[Input records]

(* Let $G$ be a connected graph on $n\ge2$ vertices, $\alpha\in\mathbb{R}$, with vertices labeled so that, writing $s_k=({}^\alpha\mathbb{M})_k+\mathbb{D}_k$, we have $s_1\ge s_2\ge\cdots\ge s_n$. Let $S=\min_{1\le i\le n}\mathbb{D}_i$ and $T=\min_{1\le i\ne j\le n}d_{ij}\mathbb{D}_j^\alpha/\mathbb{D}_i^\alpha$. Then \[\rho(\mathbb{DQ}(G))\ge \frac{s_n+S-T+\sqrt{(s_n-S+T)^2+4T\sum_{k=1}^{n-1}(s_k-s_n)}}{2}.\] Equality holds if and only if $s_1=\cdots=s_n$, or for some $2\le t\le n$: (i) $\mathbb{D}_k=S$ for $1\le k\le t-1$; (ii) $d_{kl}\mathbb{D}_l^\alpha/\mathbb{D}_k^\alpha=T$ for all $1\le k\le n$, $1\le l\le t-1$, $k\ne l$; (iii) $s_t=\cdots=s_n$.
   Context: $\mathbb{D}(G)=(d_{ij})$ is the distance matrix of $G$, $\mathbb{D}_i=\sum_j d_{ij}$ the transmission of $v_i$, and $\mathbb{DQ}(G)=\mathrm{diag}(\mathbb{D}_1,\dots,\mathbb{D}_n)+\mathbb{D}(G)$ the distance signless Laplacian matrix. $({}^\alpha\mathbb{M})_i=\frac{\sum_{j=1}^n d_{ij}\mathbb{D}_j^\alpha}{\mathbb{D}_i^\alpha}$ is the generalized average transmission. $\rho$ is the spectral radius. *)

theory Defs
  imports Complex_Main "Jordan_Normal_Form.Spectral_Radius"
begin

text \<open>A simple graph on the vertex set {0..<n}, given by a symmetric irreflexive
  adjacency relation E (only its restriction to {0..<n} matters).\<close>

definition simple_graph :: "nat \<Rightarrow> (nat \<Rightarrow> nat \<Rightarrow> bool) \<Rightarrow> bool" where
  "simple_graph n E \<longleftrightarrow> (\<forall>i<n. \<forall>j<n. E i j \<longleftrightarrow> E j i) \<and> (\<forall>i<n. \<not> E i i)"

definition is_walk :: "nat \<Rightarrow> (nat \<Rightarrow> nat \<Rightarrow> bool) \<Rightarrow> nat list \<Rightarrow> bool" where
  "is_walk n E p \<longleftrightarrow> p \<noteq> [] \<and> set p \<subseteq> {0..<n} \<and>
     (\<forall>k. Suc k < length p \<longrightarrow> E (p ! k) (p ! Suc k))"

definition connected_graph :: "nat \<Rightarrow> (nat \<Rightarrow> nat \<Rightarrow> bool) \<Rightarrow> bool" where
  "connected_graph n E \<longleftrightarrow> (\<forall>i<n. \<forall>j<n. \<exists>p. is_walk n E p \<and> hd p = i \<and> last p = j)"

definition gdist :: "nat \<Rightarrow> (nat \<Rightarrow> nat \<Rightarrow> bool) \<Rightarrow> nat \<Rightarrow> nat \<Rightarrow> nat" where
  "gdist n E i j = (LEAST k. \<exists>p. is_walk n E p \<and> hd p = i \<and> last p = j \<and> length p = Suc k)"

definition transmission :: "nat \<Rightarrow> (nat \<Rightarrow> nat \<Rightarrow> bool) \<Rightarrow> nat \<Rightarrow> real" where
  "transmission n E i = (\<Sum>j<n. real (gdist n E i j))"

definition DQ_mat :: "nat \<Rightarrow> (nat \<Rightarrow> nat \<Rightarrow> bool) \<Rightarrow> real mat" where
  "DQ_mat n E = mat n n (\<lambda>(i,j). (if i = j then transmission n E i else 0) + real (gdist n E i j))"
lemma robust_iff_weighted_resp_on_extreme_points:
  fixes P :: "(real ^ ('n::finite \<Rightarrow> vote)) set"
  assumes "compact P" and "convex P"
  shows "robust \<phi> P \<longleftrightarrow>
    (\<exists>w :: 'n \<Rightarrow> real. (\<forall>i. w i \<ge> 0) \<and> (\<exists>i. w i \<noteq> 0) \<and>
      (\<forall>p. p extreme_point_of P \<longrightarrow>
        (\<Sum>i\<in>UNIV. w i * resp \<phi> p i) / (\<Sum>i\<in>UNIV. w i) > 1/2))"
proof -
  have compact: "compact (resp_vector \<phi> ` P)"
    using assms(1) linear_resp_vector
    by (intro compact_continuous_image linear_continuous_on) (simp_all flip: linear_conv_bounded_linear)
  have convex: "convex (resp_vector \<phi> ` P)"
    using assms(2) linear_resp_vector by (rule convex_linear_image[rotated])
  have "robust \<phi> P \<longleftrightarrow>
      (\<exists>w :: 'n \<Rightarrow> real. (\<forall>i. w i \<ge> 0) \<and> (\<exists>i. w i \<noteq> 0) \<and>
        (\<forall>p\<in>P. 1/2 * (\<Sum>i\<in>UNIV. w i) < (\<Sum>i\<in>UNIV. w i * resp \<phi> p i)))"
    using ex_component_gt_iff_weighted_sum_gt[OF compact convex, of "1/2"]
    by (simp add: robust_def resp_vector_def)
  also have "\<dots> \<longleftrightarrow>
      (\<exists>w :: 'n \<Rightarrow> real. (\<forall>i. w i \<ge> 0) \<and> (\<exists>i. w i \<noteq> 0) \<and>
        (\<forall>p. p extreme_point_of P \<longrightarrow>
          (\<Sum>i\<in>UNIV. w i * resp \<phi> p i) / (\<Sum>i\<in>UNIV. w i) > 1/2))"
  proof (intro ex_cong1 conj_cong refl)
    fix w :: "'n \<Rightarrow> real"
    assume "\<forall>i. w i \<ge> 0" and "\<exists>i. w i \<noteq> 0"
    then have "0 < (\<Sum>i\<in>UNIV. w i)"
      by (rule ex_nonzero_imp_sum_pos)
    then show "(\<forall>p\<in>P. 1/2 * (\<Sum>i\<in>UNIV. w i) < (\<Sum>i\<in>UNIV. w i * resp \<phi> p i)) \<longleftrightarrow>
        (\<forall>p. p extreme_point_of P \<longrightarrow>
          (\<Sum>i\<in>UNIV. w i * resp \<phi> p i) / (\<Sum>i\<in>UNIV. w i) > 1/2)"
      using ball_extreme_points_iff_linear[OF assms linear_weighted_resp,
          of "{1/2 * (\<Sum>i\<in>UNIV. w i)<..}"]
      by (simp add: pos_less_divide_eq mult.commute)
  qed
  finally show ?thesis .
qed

[/Input records]

• _What is required_:
Transcribe the entries above so that nothing in them differs from the original.

• _Answer for this exercise_:
(* Let $G$ be a connected graph on $n\ge2$ vertices, $\alpha\in\mathbb{R}$, with vertices labeled so that, writing $s_k=({}^\alpha\mathbb{M})_k+\mathbb{D}_k$, we have $s_1\ge s_2\ge\cdots\ge s_n$. Let $S=\min_{1\le i\le n}\mathbb{D}_i$ and $T=\min_{1\le i\ne j\le n}d_{ij}\mathbb{D}_j^\alpha/\mathbb{D}_i^\alpha$. Then \[\rho(\mathbb{DQ}(G))\ge \frac{s_n+S-T+\sqrt{(s_n-S+T)^2+4T\sum_{k=1}^{n-1}(s_k-s_n)}}{2}.\] Equality holds if and only if $s_1=\cdots=s_n$, or for some $2\le t\le n$: (i) $\mathbb{D}_k=S$ for $1\le k\le t-1$; (ii) $d_{kl}\mathbb{D}_l^\alpha/\mathbb{D}_k^\alpha=T$ for all $1\le k\le n$, $1\le l\le t-1$, $k\ne l$; (iii) $s_t=\cdots=s_n$.
   Context: $\mathbb{D}(G)=(d_{ij})$ is the distance matrix of $G$, $\mathbb{D}_i=\sum_j d_{ij}$ the transmission of $v_i$, and $\mathbb{DQ}(G)=\mathrm{diag}(\mathbb{D}_1,\dots,\mathbb{D}_n)+\mathbb{D}(G)$ the distance signless Laplacian matrix. $({}^\alpha\mathbb{M})_i=\frac{\sum_{j=1}^n d_{ij}\mathbb{D}_j^\alpha}{\mathbb{D}_i^\alpha}$ is the generalized average transmission. $\rho$ is the spectral radius. *)

theory Defs
  imports Complex_Main "Jordan_Normal_Form.Spectral_Radius"
begin

text \<open>A simple graph on the vertex set {0..<n}, given by a symmetric irreflexive
  adjacency relation E (only its restriction to {0..<n} matters).\<close>

definition simple_graph :: "nat \<Rightarrow> (nat \<Rightarrow> nat \<Rightarrow> bool) \<Rightarrow> bool" where
  "simple_graph n E \<longleftrightarrow> (\<forall>i<n. \<forall>j<n. E i j \<longleftrightarrow> E j i) \<and> (\<forall>i<n. \<not> E i i)"

definition is_walk :: "nat \<Rightarrow> (nat \<Rightarrow> nat \<Rightarrow> bool) \<Rightarrow> nat list \<Rightarrow> bool" where
  "is_walk n E p \<longleftrightarrow> p \<noteq> [] \<and> set p \<subseteq> {0..<n} \<and>
     (\<forall>k. Suc k < length p \<longrightarrow> E (p ! k) (p ! Suc k))"

definition connected_graph :: "nat \<Rightarrow> (nat \<Rightarrow> nat \<Rightarrow> bool) \<Rightarrow> bool" where
  "connected_graph n E \<longleftrightarrow> (\<forall>i<n. \<forall>j<n. \<exists>p. is_walk n E p \<and> hd p = i \<and> last p = j)"

definition gdist :: "nat \<Rightarrow> (nat \<Rightarrow> nat \<Rightarrow> bool) \<Rightarrow> nat \<Rightarrow> nat \<Rightarrow> nat" where
  "gdist n E i j = (LEAST k. \<exists>p. is_walk n E p \<and> hd p = i \<and> last p = j \<and> length p = Suc k)"

definition transmission :: "nat \<Rightarrow> (nat \<Rightarrow> nat \<Rightarrow> bool) \<Rightarrow> nat \<Rightarrow> real" where
  "transmission n E i = (\<Sum>j<n. real (gdist n E i j))"

definition DQ_mat :: "nat \<Rightarrow> (nat \<Rightarrow> nat \<Rightarrow> bool) \<Rightarrow> real mat" where
  "DQ_mat n E = mat n n (\<lambda>(i,j). (if i = j then transmission n E i else 0) + real (gdist n E i j))"
lemma robust_iff_weighted_resp_on_extreme_points:
  fixes P :: "(real ^ ('n::finite \<Rightarrow> vote)) set"
  assumes "compact P" and "convex P"
  shows "robust \<phi> P \<longleftrightarrow>
    (\<exists>w :: 'n \<Rightarrow> real. (\<forall>i. w i \<ge> 0) \<and> (\<exists>i. w i \<noteq> 0) \<and>
      (\<forall>p. p extreme_point_of P \<longrightarrow>
        (\<Sum>i\<in>UNIV. w i * resp \<phi> p i) / (\<Sum>i\<in>UNIV. w i) > 1/2))"
proof -
  have compact: "compact (resp_vector \<phi> ` P)"
    using assms(1) linear_resp_vector
    by (intro compact_continuous_image linear_continuous_on) (simp_all flip: linear_conv_bounded_linear)
  have convex: "convex (resp_vector \<phi> ` P)"
    using assms(2) linear_resp_vector by (rule convex_linear_image[rotated])
  have "robust \<phi> P \<longleftrightarrow>
      (\<exists>w :: 'n \<Rightarrow> real. (\<forall>i. w i \<ge> 0) \<and> (\<exists>i. w i \<noteq> 0) \<and>
        (\<forall>p\<in>P. 1/2 * (\<Sum>i\<in>UNIV. w i) < (\<Sum>i\<in>UNIV. w i * resp \<phi> p i)))"
    using ex_component_gt_iff_weighted_sum_gt[OF compact convex, of "1/2"]
    by (simp add: robust_def resp_vector_def)
  also have "\<dots> \<longleftrightarrow>
      (\<exists>w :: 'n \<Rightarrow> real. (\<forall>i. w i \<ge> 0) \<and> (\<exists>i. w i \<noteq> 0) \<and>
        (\<forall>p. p extreme_point_of P \<longrightarrow>
          (\<Sum>i\<in>UNIV. w i * resp \<phi> p i) / (\<Sum>i\<in>UNIV. w i) > 1/2))"
  proof (intro ex_cong1 conj_cong refl)
    fix w :: "'n \<Rightarrow> real"
    assume "\<forall>i. w i \<ge> 0" and "\<exists>i. w i \<noteq> 0"
    then have "0 < (\<Sum>i\<in>UNIV. w i)"
      by (rule ex_nonzero_imp_sum_pos)
    then show "(\<forall>p\<in>P. 1/2 * (\<Sum>i\<in>UNIV. w i) < (\<Sum>i\<in>UNIV. w i * resp \<phi> p i)) \<longleftrightarrow>
        (\<forall>p. p extreme_point_of P \<longrightarrow>
          (\<Sum>i\<in>UNIV. w i * resp \<phi> p i) / (\<Sum>i\<in>UNIV. w i) > 1/2)"
      using ball_extreme_points_iff_linear[OF assms linear_weighted_resp,
          of "{1/2 * (\<Sum>i\<in>UNIV. w i)<..}"]
      by (simp add: pos_less_divide_eq mult.commute)
  qed
  finally show ?thesis .
qed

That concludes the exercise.